The fallacy of good and evil

Today I slapped a bargain price tag on a mis-shelved art book. I
committed fraud. Simply put, I did something "wrong." I'm not quite sure
why I did it, but it wasn't the first time. It's a little "trick" I
learned in my mis-spent youth.

I guess I wanted to see if I'd get away with it. You see it's an easy
trick to pull. Just peel the bargain sticker off of one book and replace
the sticker on another. If the cashier "catches" the discrepancy, you
plead ignorance. "Uh, I found it over in the bargain section." Then, if
the real price is discovered, you can simply inform the cashier that
you're no longer interested in buying the book. For some, what I did
was evil, perhaps even a crime.

Later in the day I retrieved a set of keys from the floor that had
fallen out of an elderly woman's pocket. I politely returned the keys
and went about eating my lunch. It was really nothing, and she probably
would have found the keys on her own. For some, what I did was kind,
 perhaps going so far as calling it a "good deed."

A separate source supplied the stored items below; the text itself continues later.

(* Let $n$ be a positive odd integer. Then $$ \sum_{k=0}^{n-1}\frac{(aq;q^2)_k\,(q/a;q^2)_k}{(q^2;q^2)_k^2}\,q^{2k} \equiv (-1)^{(n-1)/2}q^{(n^2-1)/4}\pmod{(1-aq^n)(a-q^n)}. $$
   Context: $a,q$ are indeterminates. The $q$-shifted factorial is $(y;q)_0=1$ and $(y;q)_m=(1-y)(1-yq)\cdots(1-yq^{m-1})$ for $m\geqslant1$. For rational functions $A,B$ and a polynomial $P$, $A\equiv B\pmod P$ means $A-B=P\cdot C/D$ for polynomials $C,D$ with $D$ coprime to $P$. *)

theory Defs
  imports "HOL-Computational_Algebra.Computational_Algebra"
begin

text \<open>Bivariate polynomials over the rationals: the outer variable is a, the inner
  (coefficient) variable is q.  Rational functions in a, q are elements of the
  fraction field of this polynomial ring.\<close>

type_synonym bipoly = "rat poly poly"
type_synonym ratfun = "bipoly fract"

definition var_a :: bipoly where "var_a = [:0, 1:]"
definition var_q :: bipoly where "var_q = [:[:0, 1:]:]"

definition fa :: ratfun where "fa = to_fract var_a"
definition fq :: ratfun where "fq = to_fract var_q"

definition qpoch :: "ratfun \<Rightarrow> ratfun \<Rightarrow> nat \<Rightarrow> ratfun" where
  "qpoch y p m = (\<Prod>j<m. 1 - y * p ^ j)"

definition qcong :: "ratfun \<Rightarrow> ratfun \<Rightarrow> bipoly \<Rightarrow> bool" where
  "qcong A B P \<longleftrightarrow> (\<exists>C D. D \<noteq> 0 \<and> coprime D P \<and>
      A - B = to_fract P * to_fract C / to_fract D)"

end

(* Modulo (1 - a q^n)(a - q^n) one may put a = q^n in every summand: the factor
   (1 - a q^(2j+1))(1 - q^(2j+1)/a) changes by (1 - a q^n)(a - q^n) q^(2j+1)/(a q^n), and all
   denominators are products of powers of a with polynomials in q alone, hence coprime to the
   modulus.  For n = 2m+1 the specialised sum is the terminating basic hypergeometric sum
   \<Sum>k (q^(-2m);q^2)_k (q^(2m+2);q^2)_k q^(2k) / (q^2;q^2)_k^2, whose value (-1)^m q^(m(m+1))
   follows by induction on m from a WZ-style telescoping certificate. *)

theory Submission
  imports Defs "HOL-Computational_Algebra.Field_as_Ring"
begin

section \<open>A terminating q-Chu--Vandermonde sum\<close>

definition q_pochhammer :: "'a::comm_ring_1 \<Rightarrow> 'a \<Rightarrow> nat \<Rightarrow> 'a" where
  "q_pochhammer y p m = (\<Prod>j<m. 1 - y * p ^ j)"

lemma qpoch_eq_q_pochhammer: "qpoch = q_pochhammer"
  by (simp add: fun_eq_iff qpoch_def q_pochhammer_def)

lemma q_pochhammer_0 [simp]: "q_pochhammer y p 0 = 1"
  by (simp add: q_pochhammer_def)

lemma q_pochhammer_Suc: "q_pochhammer y p (Suc k) = q_pochhammer y p k * (1 - y * p ^ k)"
  by (simp add: q_pochhammer_def)

lemma q_pochhammer_Suc_shift: "q_pochhammer y p (Suc k) = (1 - y) * q_pochhammer (y * p) p k"
  unfolding q_pochhammer_def
  by (subst prod.lessThan_Suc_shift) (simp add: mult.assoc power_commutes)

definition qchu_term :: "'a::field \<Rightarrow> nat \<Rightarrow> nat \<Rightarrow> 'a" where
  "qchu_term p m k =
     q_pochhammer (1 / p ^ m) p k * q_pochhammer (p ^ Suc m) p k / (q_pochhammer p p k)\<^sup>2 * p ^ k"

lemma qchu_term_0 [simp]: "qchu_term p m 0 = 1"
  by (simp add: qchu_term_def)

lemma qchu_term_eq_0:
  assumes "p \<noteq> 0" and "m < k"
  shows "qchu_term p m k = 0"
proof -
  have "q_pochhammer (1 / p ^ m) p k = 0"
    unfolding q_pochhammer_def using assms by (auto intro!: bexI[of _ m])
  then show ?thesis by (simp add: qchu_term_def)
qed

context
  fixes p :: "'a::field"
  assumes p_nonzero: "p \<noteq> 0" and p_not_root_of_unity: "\<And>i. i > 0 \<Longrightarrow> p ^ i \<noteq> 1"
begin

lemma one_minus_power_nonzero: "i > 0 \<Longrightarrow> 1 - p ^ i \<noteq> 0"
  using p_not_root_of_unity by simp

lemma q_pochhammer_base_nonzero: "q_pochhammer p p k \<noteq> 0"
  unfolding q_pochhammer_def
  using one_minus_power_nonzero by (simp flip: power_Suc)

lemma qchu_term_Suc:
  "qchu_term p m (Suc k) * (1 - p ^ Suc k)\<^sup>2 =
     qchu_term p m k * (1 - p ^ k / p ^ m) * (1 - p ^ Suc m * p ^ k) * p"
proof -
  define A B C u where "A = q_pochhammer (1 / p ^ m) p k" and "B = q_pochhammer (p ^ Suc m) p k"
    and "C = q_pochhammer p p k" and "u = 1 - p ^ Suc k"
  have nonzero: "C \<noteq> 0" "u \<noteq> 0" "p \<noteq> 0"
    using q_pochhammer_base_nonzero one_minus_power_nonzero[of "Suc k"] p_nonzero
    by (simp_all add: C_def u_def)
  have Suc_k: "qchu_term p m (Suc k) =
      A * (1 - p ^ k / p ^ m) * (B * (1 - p ^ Suc m * p ^ k)) / (C * u)\<^sup>2 * (p ^ k * p)"
    by (simp add: qchu_term_def q_pochhammer_Suc A_def B_def C_def u_def mult.commute)
  have k: "qchu_term p m k = A * B / C\<^sup>2 * p ^ k"
    by (simp add: qchu_term_def A_def B_def C_def)
  show ?thesis
    unfolding Suc_k k u_def[symmetric] using nonzero by (simp add: field_simps)
qed

lemma qchu_term_Suc_param:
  "qchu_term p m k * (1 - p ^ Suc m * p ^ k) = qchu_term p (Suc m) k * (p ^ k - p ^ Suc m)"
proof -
  define X y where "X = p ^ Suc m" and "y = p ^ k"
  define A A' B B' C where "A = q_pochhammer (1 / p ^ m) p k" and "A' = q_pochhammer (1 / X) p k"
    and "B = q_pochhammer X p k" and "B' = q_pochhammer (X * p) p k" and "C = q_pochhammer p p k"
  have X: "X \<noteq> 0" "X \<noteq> 1"
    using p_nonzero one_minus_power_nonzero[of "Suc m"] by (auto simp: X_def)
  have "A * (1 - 1 / X) = q_pochhammer (1 / X) p (Suc k)"
    using q_pochhammer_Suc_shift[of "1 / X" p k] p_nonzero by (simp add: A_def X_def mult.commute)
  also have "\<dots> = A' * (1 - y / X)"
    by (simp add: q_pochhammer_Suc A'_def y_def)
  finally have lower: "A = A' * ((X - y) / (X - 1))"
    using X by (simp add: field_simps)
  have upper: "B * (1 - X * y) = (1 - X) * B'"
    using q_pochhammer_Suc[of X p k] q_pochhammer_Suc_shift[of X p k] by (simp add: B_def B'_def y_def)
  have "qchu_term p m k * (1 - X * y) = A * (B * (1 - X * y)) / C\<^sup>2 * y"
    by (simp add: qchu_term_def A_def B_def C_def X_def y_def)
  also have "\<dots> = A' * B' / C\<^sup>2 * y * ((X - y) * ((1 - X) / (X - 1)))"
    by (simp add: upper lower ac_simps)
  also have "(1 - X) / (X - 1) = -1"
    using X by (simp add: field_simps)
  also have "A' * B' / C\<^sup>2 * y * ((X - y) * -1) = qchu_term p (Suc m) k * (y - X)"
    by (simp add: qchu_term_def A'_def B'_def C_def X_def y_def ac_simps)
  finally show ?thesis by (simp add: X_def y_def)
qed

The fallacy we fall into is that neither of these actions "defines" who
I am. I'm both good and evil. It's too easy to judge each other and miss
the bigger picture. As uncomfortable as it makes some people, there is
rarely any situation that is black or white; good or evil. It simply is,
and only when we wish to be morally lazy do we find solace in placing
 simple names on complex situations.